** Records shown follows **

lemma (in product_prob_space) integral_PiM_sum_square:
  fixes f :: "'i \<Rightarrow> 'a \<Rightarrow> real"
  assumes B: "finite B" "B \<subseteq> I"
    and meas: "\<And>i. i \<in> B \<Longrightarrow> f i \<in> borel_measurable (M i)"
    and square: "\<And>i. i \<in> B \<Longrightarrow> integrable (M i) (\<lambda>y. (f i y)\<^sup>2)"
    and centered: "\<And>i. i \<in> B \<Longrightarrow> integral\<^sup>L (M i) (f i) = 0"
  shows "integrable (PiM I M) (\<lambda>\<omega>. (\<Sum>i\<in>B. f i (\<omega> i))\<^sup>2)"
    and "(\<integral>\<omega>. (\<Sum>i\<in>B. f i (\<omega> i))\<^sup>2 \<partial>PiM I M) = (\<Sum>i\<in>B. \<integral>y. (f i y)\<^sup>2 \<partial>M i)"
proof -
  have int: "integrable (M i) (f i)" if "i \<in> B" for i
    using meas[OF that] square[OF that] by (rule M.square_integrable_imp_integrable)
  have expand: "(\<Sum>i\<in>B. f i (\<omega> i))\<^sup>2 = (\<Sum>i\<in>B. \<Sum>j\<in>B. f i (\<omega> i) * f j (\<omega> j))" for \<omega>
    by (simp add: power2_eq_square sum_product)
  have cross: "integrable (PiM I M) (\<lambda>\<omega>. f i (\<omega> i) * f j (\<omega> j)) \<and>
      (\<integral>\<omega>. f i (\<omega> i) * f j (\<omega> j) \<partial>PiM I M) = (if i = j then \<integral>y. (f i y)\<^sup>2 \<partial>M i else 0)"
    if ij: "i \<in> B" "j \<in> B" for i j
  proof (cases "i = j")
    case True
    have "{i} \<subseteq> I" using B ij by auto
    note diag = integrable_PiM_prod[of "{i}" "\<lambda>l y. (f l y)\<^sup>2"] integral_PiM_prod[of "{i}" "\<lambda>l y. (f l y)\<^sup>2"]
    show ?thesis
      using diag[OF _ \<open>{i} \<subseteq> I\<close>] square ij True by (simp add: power2_eq_square)
  next
    case False
    have "{i, j} \<subseteq> I" using B ij by auto
    note off_diag = integrable_PiM_prod[of "{i,j}" f] integral_PiM_prod[of "{i,j}" f]
    show ?thesis
      using off_diag[OF _ \<open>{i, j} \<subseteq> I\<close>] ij int centered False by auto
  qed
  show "integrable (PiM I M) (\<lambda>\<omega>. (\<Sum>i\<in>B. f i (\<omega> i))\<^sup>2)"
    unfolding expand using cross by simp
  have "(\<integral>\<omega>. (\<Sum>i\<in>B. f i (\<omega> i))\<^sup>2 \<partial>PiM I M) = (\<Sum>i\<in>B. \<Sum>j\<in>B. \<integral>\<omega>. f i (\<omega> i) * f j (\<omega> j) \<partial>PiM I M)"
    unfolding expand using cross by (simp add: integral_sum integrable_sum del: integral_mult_right_zero integral_mult_left_zero)
  also have "\<dots> = (\<Sum>i\<in>B. \<Sum>j\<in>B. if i = j then \<integral>y. (f i y)\<^sup>2 \<partial>M i else 0)"
    using cross by (intro sum.cong) auto
  also have "\<dots> = (\<Sum>i\<in>B. \<integral>y. (f i y)\<^sup>2 \<partial>M i)"
    using B by simp
  finally show "(\<integral>\<omega>. (\<Sum>i\<in>B. f i (\<omega> i))\<^sup>2 \<partial>PiM I M) = (\<Sum>i\<in>B. \<integral>y. (f i y)\<^sup>2 \<partial>M i)" .
qed

lemma abs_le_quadratic:
  fixes a y :: real
  assumes "0 < a"
  shows "\<bar>y\<bar> \<le> (a * y\<^sup>2 + 1 / a) / 2"
proof -
  have "2 * a * \<bar>y\<bar> \<le> a\<^sup>2 * y\<^sup>2 + 1"
    using sum_squares_bound[of "a * \<bar>y\<bar>" 1] by (simp add: power2_eq_square algebra_simps)
  then show ?thesis using assms by (simp add: field_simps power2_eq_square)
qed

lemma (in product_prob_space) integral_abs_sum_le:
  fixes f :: "'i \<Rightarrow> 'a \<Rightarrow> real"
  assumes B: "finite B" "B \<subseteq> I"
    and meas: "\<And>i. i \<in> B \<Longrightarrow> f i \<in> borel_measurable (M i)"
    and square: "\<And>i. i \<in> B \<Longrightarrow> integrable (M i) (\<lambda>y. (f i y)\<^sup>2)"
    and "0 < a"
  shows "(\<integral>\<omega>. \<bar>\<Sum>i\<in>B. f i (\<omega> i)\<bar> \<partial>PiM I M)
      \<le> (a * (\<Sum>i\<in>B. \<integral>y. (f i y - integral\<^sup>L (M i) (f i))\<^sup>2 \<partial>M i) + 1 / a) / 2
        + \<bar>\<Sum>i\<in>B. integral\<^sup>L (M i) (f i)\<bar>"
proof -
  define c where "c = (\<Sum>i\<in>B. integral\<^sup>L (M i) (f i))"
  define Y where "Y \<omega> = (\<Sum>i\<in>B. f i (\<omega> i) - integral\<^sup>L (M i) (f i))" for \<omega>
  have int: "integrable (M i) (f i)" if "i \<in> B" for i
    using meas[OF that] square[OF that] by (rule M.square_integrable_imp_integrable)
  have centered_square: "integrable (M i) (\<lambda>y. (f i y - integral\<^sup>L (M i) (f i))\<^sup>2)" if "i \<in> B" for i
    using int[OF that] square[OF that] by (simp add: power2_diff)
  have centered: "integral\<^sup>L (M i) (\<lambda>y. f i y - integral\<^sup>L (M i) (f i)) = 0" if "i \<in> B" for i
    using int[OF that] by (simp add: M.prob_space)
  note Y_square = integral_PiM_sum_square[OF B, of "\<lambda>i y. f i y - integral\<^sup>L (M i) (f i)"]
  have sum_eq: "(\<Sum>i\<in>B. f i (\<omega> i)) = Y \<omega> + c" for \<omega>
    by (simp add: Y_def c_def sum_subtractf)
  have int_sum: "integrable (PiM I M) (\<lambda>\<omega>. \<Sum>i\<in>B. f i (\<omega> i))"
  proof (rule Bochner_Integration.integrable_sum)
    fix i assume "i \<in> B"
    then show "integrable (PiM I M) (\<lambda>\<omega>. f i (\<omega> i))"
      using int meas B by (subst integrable_PiM_component_iff) auto
  qed
  have "(\<integral>\<omega>. \<bar>\<Sum>i\<in>B. f i (\<omega> i)\<bar> \<partial>PiM I M) \<le> (\<integral>\<omega>. (a * (Y \<omega>)\<^sup>2 + 1 / a) / 2 + \<bar>c\<bar> \<partial>PiM I M)"
  proof (rule integral_mono)
    show "integrable (PiM I M) (\<lambda>\<omega>. (a * (Y \<omega>)\<^sup>2 + 1 / a) / 2 + \<bar>c\<bar>)"
      using Y_square meas centered_square centered by (simp add: Y_def)
    show "\<bar>\<Sum>i\<in>B. f i (\<omega> i)\<bar> \<le> (a * (Y \<omega>)\<^sup>2 + 1 / a) / 2 + \<bar>c\<bar>" for \<omega>
      using abs_le_quadratic[OF \<open>0 < a\<close>, of "Y \<omega>"] abs_triangle_ineq[of "Y \<omega>" c]
      unfolding sum_eq by linarith
  qed (use int_sum in simp)
  also have "\<dots> = (a * (\<Sum>i\<in>B. \<integral>y. (f i y - integral\<^sup>L (M i) (f i))\<^sup>2 \<partial>M i) + 1 / a) / 2 + \<bar>c\<bar>"
    using Y_square meas centered_square centered by (simp add: Y_def P.prob_space)
  finally show ?thesis by (simp add: c_def)
qed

** End of Records shown **

* _Task description_: In the records above, find every line containing the word "note" and show it.

* _Output for this exercise_:
    note diag = integrable_PiM_prod[of "{i}" "\<lambda>l y. (f l y)\<^sup>2"] integral_PiM_prod[of "{i}" "\<lambda>l y. (f l y)\<^sup>2"]
    note off_diag = integrable_PiM_prod[of "{i,j}" f] integral_PiM_prod[of "{i,j}" f]
  note Y_square = integral_PiM_sum_square[OF B, of "\<lambda>i y. f i y - integral\<^sup>L (M i) (f i)"]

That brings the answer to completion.